Determining Norton creep properties from small punch creep tests by using the representative stress–strain method and inverse approach

Abstract

The small punch creep test (SPCT) emerges as an innovative technique for evaluating the creep properties of materials. Although the existing standards, such as CWA 15627 and EN 10371, establishes empirical correlations between SPCT and uniaxial creep tests (UCT), the complexity inherent to SPCT mandates an empirical approach that is both material-specific and labor-intensive for achieving precision.

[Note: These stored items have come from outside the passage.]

lemma OPT_inverse_powers_seven:
  assumes "1 \<le> k" "k \<le> N"
  shows "OPT (concat (map (\<lambda>i. replicate (6 * t * (7 ^ N - 1 + 7 ^ (N - k))) (1 / (7::real) ^ i))
      (rev [k..<Suc N]))) = t * (7 * 7 ^ (N - k) - 1)"
proof -
  define s where "s = N - k"
  interpret geometric_batches s t "7 ^ k"
    using power_increasing[of 1 k "7::nat"] assms by unfold_locales simp
  have an: "a * 7 ^ k = 7 ^ N"
    unfolding a_def unfolding s_def using assms by (simp flip: power_add)
  have M_val: "M = 6 * t * (7 ^ N - 1 + 7 ^ (N - k))"
    unfolding M_def an unfolding a_def unfolding s_def ..
  have B_val: "B = t * (7 * 7 ^ (N - k) - 1)"
    unfolding B_def a_def unfolding s_def ..
  have "Suc N - k = Suc s"
    using assms by (simp add: s_def)
  then have "concat (map (\<lambda>i. replicate M (1 / (7::real) ^ i)) (rev [k..<Suc N]))
      = map (\<lambda>p. 1 / 7 ^ (N - p div M)) [0..<Suc s * M]"
    unfolding rev_upt_Suc[OF le_SucI[OF \<open>k \<le> N\<close>]] map_map comp_def concat_map_replicate_upt
    by simp
  also have "\<dots> = items"
    unfolding items_def
  proof (intro map_cong refl)
    fix p assume "p \<in> set [0..<Suc s * M]"
    then have "p div M \<le> N" using batch_le[of p] by (simp add: s_def)
    then have "(7::real) ^ N = 7 ^ (N - p div M) * 7 ^ (p div M)"
      by (simp flip: power_add)
    then show "1 / 7 ^ (N - p div M) = real (w p) / real (a * 7 ^ k)"
      unfolding an by (simp add: w_def field_simps)
  qed
  finally show ?thesis
    unfolding M_val[symmetric] B_val[symmetric] using OPT_items by simp
qed
lemma card_hamming_ball:
  assumes N: "N \<subseteq> {..<n}" and g: "\<forall>i\<in>N. g i < q"
  shows "card {xs \<in> chan_inputs q n. card {i\<in>N. xs ! i \<noteq> g i} \<le> k}
     = q ^ (n - card N) * hamming_volume q (card N) k"
proof -
  have finN: "finite N" using N finite_subset by blast
  define Ds where "Ds = {D. D \<subseteq> N \<and> card D \<le> k}"
  define fib where "fib D = {xs \<in> chan_inputs q n. {i\<in>N. xs ! i \<noteq> g i} = D}" for D
  have card_fib: "card (fib D) = q ^ (n - card N) * (q - 1) ^ card D" if D: "D \<subseteq> N" for D
  proof -
    define F where "F i = (if i \<in> D then {..<q} - {g i} else if i \<in> N then {g i} else {..<q})" for i
    have "fib D = {xs. length xs = n \<and> (\<forall>i<n. xs ! i \<in> F i)}"
      using D N g by (auto simp: fib_def chan_inputs_def F_def split: if_splits)
    then have "card (fib D) = (\<Prod>i<n. card (F i))"
      by (simp add: card_lists_nth_in)
    also have "\<dots> = (\<Prod>i<n. if i \<in> D then q - 1 else if i \<in> N then 1 else q)"
      using g D by (intro prod.cong) (auto simp: F_def)
    also have "\<dots> = (\<Prod>i\<in>D. q - 1) * (\<Prod>i\<in>{..<n} - N. q)"
    proof -
      have "{..<n} \<inter> D = D" "({..<n} - D) - N = {..<n} - N" using D N by auto
      then show ?thesis by (simp add: prod.If_cases Diff_eq Int_assoc)
    qed
    finally show ?thesis
      using finN D N by (simp add: card_Diff_subset)
  qed
  have "{xs \<in> chan_inputs q n. card {i\<in>N. xs ! i \<noteq> g i} \<le> k} = (\<Union>D\<in>Ds. fib D)"
    by (auto simp: Ds_def fib_def)
  then have "card {xs \<in> chan_inputs q n. card {i\<in>N. xs ! i \<noteq> g i} \<le> k} = (\<Sum>D\<in>Ds. card (fib D))"
    using finN finite_chan_inputs
    by (simp, intro card_UN_disjoint) (auto simp: Ds_def fib_def intro: finite_subset[of _ "Pow N"])
  also have "\<dots> = (\<Sum>D\<in>Ds. q ^ (n - card N) * (q - 1) ^ card D)"
    by (intro sum.cong) (auto simp: Ds_def card_fib)
  also have "\<dots> = q ^ (n - card N) * hamming_volume q (card N) k"
    using sum_subsets_card_le[OF finN, where k = k and h = "\<lambda>j. (q - 1) ^ j"]
    by (simp add: Ds_def hamming_volume_def flip: sum_distrib_left)
  finally show ?thesis .
qed

lemma finite_chan_outputs: "finite (chan_outputs q n e)"
proof (rule finite_subset[OF _ finite_lists_length_eq[of "insert None (Some ` {..<q})" n]])
  show "chan_outputs q n e \<subseteq> {ys. set ys \<subseteq> insert None (Some ` {..<q}) \<and> length ys = n}"
  proof safe
    fix y v assume "y \<in> chan_outputs q n e" "v \<in> set y" "v \<notin> Some ` {..<q}"
    then show "v = None"
      by (cases v) (auto simp: chan_outputs_def in_set_conv_nth)
  qed (simp add: chan_outputs_def)
qed auto

lemma card_chan_column:
  assumes y: "y \<in> chan_outputs q n e"
  shows "card {x \<in> chan_inputs q n. chan_entry n k x y} = q ^ e * hamming_volume q (n - e) k"
proof -
  define N where "N = {i. i < n \<and> y ! i \<noteq> None}"
  define g where "g i = the (y ! i)" for i
  have N: "N \<subseteq> {..<n}"
    by (auto simp: N_def)
  have "card N + e = n"
  proof -
    have "card (N \<union> {i. i < n \<and> y ! i = None}) = card N + card {i. i < n \<and> y ! i = None}"
      by (rule card_Un_disjoint) (auto simp: N_def)
    moreover have "N \<union> {i. i < n \<and> y ! i = None} = {..<n}"
      by (auto simp: N_def)
    ultimately show ?thesis
      using y by (simp add: chan_outputs_def)
  qed
  then have "card N = n - e" "n - card N = e"
    by linarith+
  moreover have "\<forall>i\<in>N. g i < q"
    using y by (auto simp: N_def g_def chan_outputs_def)
  moreover have "{x \<in> chan_inputs q n. chan_entry n k x y}
      = {xs \<in> chan_inputs q n. card {i\<in>N. xs ! i \<noteq> g i} \<le> k}"
  proof -
    have "{i. i < n \<and> y ! i \<noteq> None \<and> y ! i \<noteq> Some (x ! i)} = {i\<in>N. x ! i \<noteq> g i}" for x
      by (auto simp: N_def g_def)
    then show ?thesis by (simp add: chan_entry_def)
  qed
  ultimately show ?thesis
    using card_hamming_ball[OF N, of g q k] by simp
qed

definition erase_prefix :: "nat \<Rightarrow> nat list \<Rightarrow> nat option list" where
  "erase_prefix e w = replicate e None @ map Some w"

lemma nth_erase_prefix:
  "i < e + length w \<Longrightarrow> erase_prefix e w ! i = (if i < e then None else Some (w ! (i - e)))"
  by (simp add: erase_prefix_def nth_append)

lemma length_erase_prefix [simp]: "length (erase_prefix e w) = e + length w"
  by (simp add: erase_prefix_def)

lemma inj_erase_prefix: "inj (erase_prefix e)"
  by (rule injI) (simp add: erase_prefix_def)

lemma erase_prefix_in_chan_outputs:
  assumes "e \<le> n" and w: "w \<in> chan_inputs q (n - e)"
  shows "erase_prefix e w \<in> chan_outputs q n e"
proof -
  have len: "length w = n - e" and "\<forall>j < n - e. w ! j < q"
    using w by (simp_all add: chan_inputs_def)
  moreover have "{i. i < n \<and> erase_prefix e w ! i = None} = {..<e}"
    using assms(1) len by (auto simp: nth_erase_prefix split: if_splits)
  ultimately show ?thesis
    using assms(1) by (auto simp: chan_outputs_def nth_erase_prefix split: if_splits)
qed

lemma chan_entry_erase_prefix:
  assumes "e \<le> n" and "length w = n - e"
  shows "chan_entry n k x (erase_prefix e w) \<longleftrightarrow> card {j\<in>{..<n - e}. w ! j \<noteq> x ! (e + j)} \<le> k"
proof -
  have "{i. i < n \<and> erase_prefix e w ! i \<noteq> None \<and> erase_prefix e w ! i \<noteq> Some (x ! i)}
      = (+) e ` {j\<in>{..<n - e}. w ! j \<noteq> x ! (e + j)}"
  proof -
    have shift: "i \<in> (+) e ` S \<longleftrightarrow> e \<le> i \<and> i - e \<in> S" for i and S :: "nat set"
      by (auto intro: image_eqI[of _ _ "i - e"])
    show ?thesis
      using assms by (auto simp: shift nth_erase_prefix split: if_splits)
  qed
  then show ?thesis
    by (simp add: chan_entry_def card_image)
qed
(* A matrix $A\in\mathcal{C}_n$ is irreducible with respect to the cone $S_+(n)$ if and only if the linear span of the set of minimal zeros of $A$ equals $\mathbb{R}^n$. In particular, in that case $A$ has at least $n$ linearly independent minimal zeros.
   Context: $\mathcal{C}_n$ denotes the cone of copositive matrices: real symmetric $n\times n$ matrices $A$ with $x^TAx\ge 0$ for all $x\in\mathbb{R}^n_+$. $S_+(n)$ is the cone of positive semidefinite $n\times n$ matrices. For $A\in\mathcal{C}_n$, a zero of $A$ is a nonzero vector $u\in\mathbb{R}^n_+$ with $u^TAu=0$; its support is $\operatorname{Supp}(u)=\{i:u_i\ne0\}$; a zero $u$ is minimal if there is no zero $v$ with $\operatorname{Supp}(v)\subsetneq\operatorname{Supp}(u)$. For $A\in\mathcal{C}_n$ and $\mathcal{M}\subset\mathcal{C}_n$, $A$ is irreducible with respect to $\mathcal{M}$ if there do not exist $\gamma>0$ and $M\in\mathcal{M}\setminus\{0\}$ with $A-\gamma M\in\mathcal{C}_n$. *)

theory Defs
  imports "HOL-Analysis.Analysis"
begin

text \<open>Real symmetric n x n matrices are represented as real^'n^'n with transpose A = A;
  the dimension n is CARD('n).\<close>

definition nonneg_vec :: "real^'n \<Rightarrow> bool" where
  "nonneg_vec x \<longleftrightarrow> (\<forall>i. 0 \<le> x $ i)"

definition copositive :: "real^'n^'n \<Rightarrow> bool" where
  "copositive A \<longleftrightarrow> transpose A = A \<and> (\<forall>x. nonneg_vec x \<longrightarrow> 0 \<le> x \<bullet> (A *v x))"

definition psd :: "real^'n^'n \<Rightarrow> bool" where
  "psd A \<longleftrightarrow> transpose A = A \<and> (\<forall>x. 0 \<le> x \<bullet> (A *v x))"

definition is_zero_of :: "real^'n^'n \<Rightarrow> real^'n \<Rightarrow> bool" where
  "is_zero_of A u \<longleftrightarrow> u \<noteq> 0 \<and> nonneg_vec u \<and> u \<bullet> (A *v u) = 0"

definition supp :: "real^'n \<Rightarrow> 'n set" where
  "supp u = {i. u $ i \<noteq> 0}"

definition is_minimal_zero :: "real^'n^'n \<Rightarrow> real^'n \<Rightarrow> bool" where
  "is_minimal_zero A u \<longleftrightarrow> is_zero_of A u \<and> \<not> (\<exists>v. is_zero_of A v \<and> supp v \<subset> supp u)"

definition irreducible_wrt :: "real^'n^'n \<Rightarrow> (real^'n^'n) set \<Rightarrow> bool" where
  "irreducible_wrt A \<M> \<longleftrightarrow>
     \<not> (\<exists>\<gamma>>0. \<exists>M \<in> \<M> - {0}. copositive (A - \<gamma> *\<^sub>R M))"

This paper introduces a novel methodology that synthesizes the representative stress–strain method with inverse finite element analysis to extract Norton creep properties of metallic materials directly from small punch test (SPT) and SPCT. The representative stress–strain method to SPT facilitates the determination of elasto-plastic properties at elevated temperatures, enabling a streamlined prediction of Norton creep law parameters by the inverse approach of SPCT. Notably, this methodology circumvents the need for intermediate UCT conversions, thereby providing a more efficient and accurate pathway for directly obtaining Norton creep properties from SPT and SPCT. Experimental validation conducted on P91 and P92NT steels at 600°C confirms a strong correlation between the predicted Norton creep properties and those obtained from UCT, underscoring the practicality and accuracy of the proposed approach.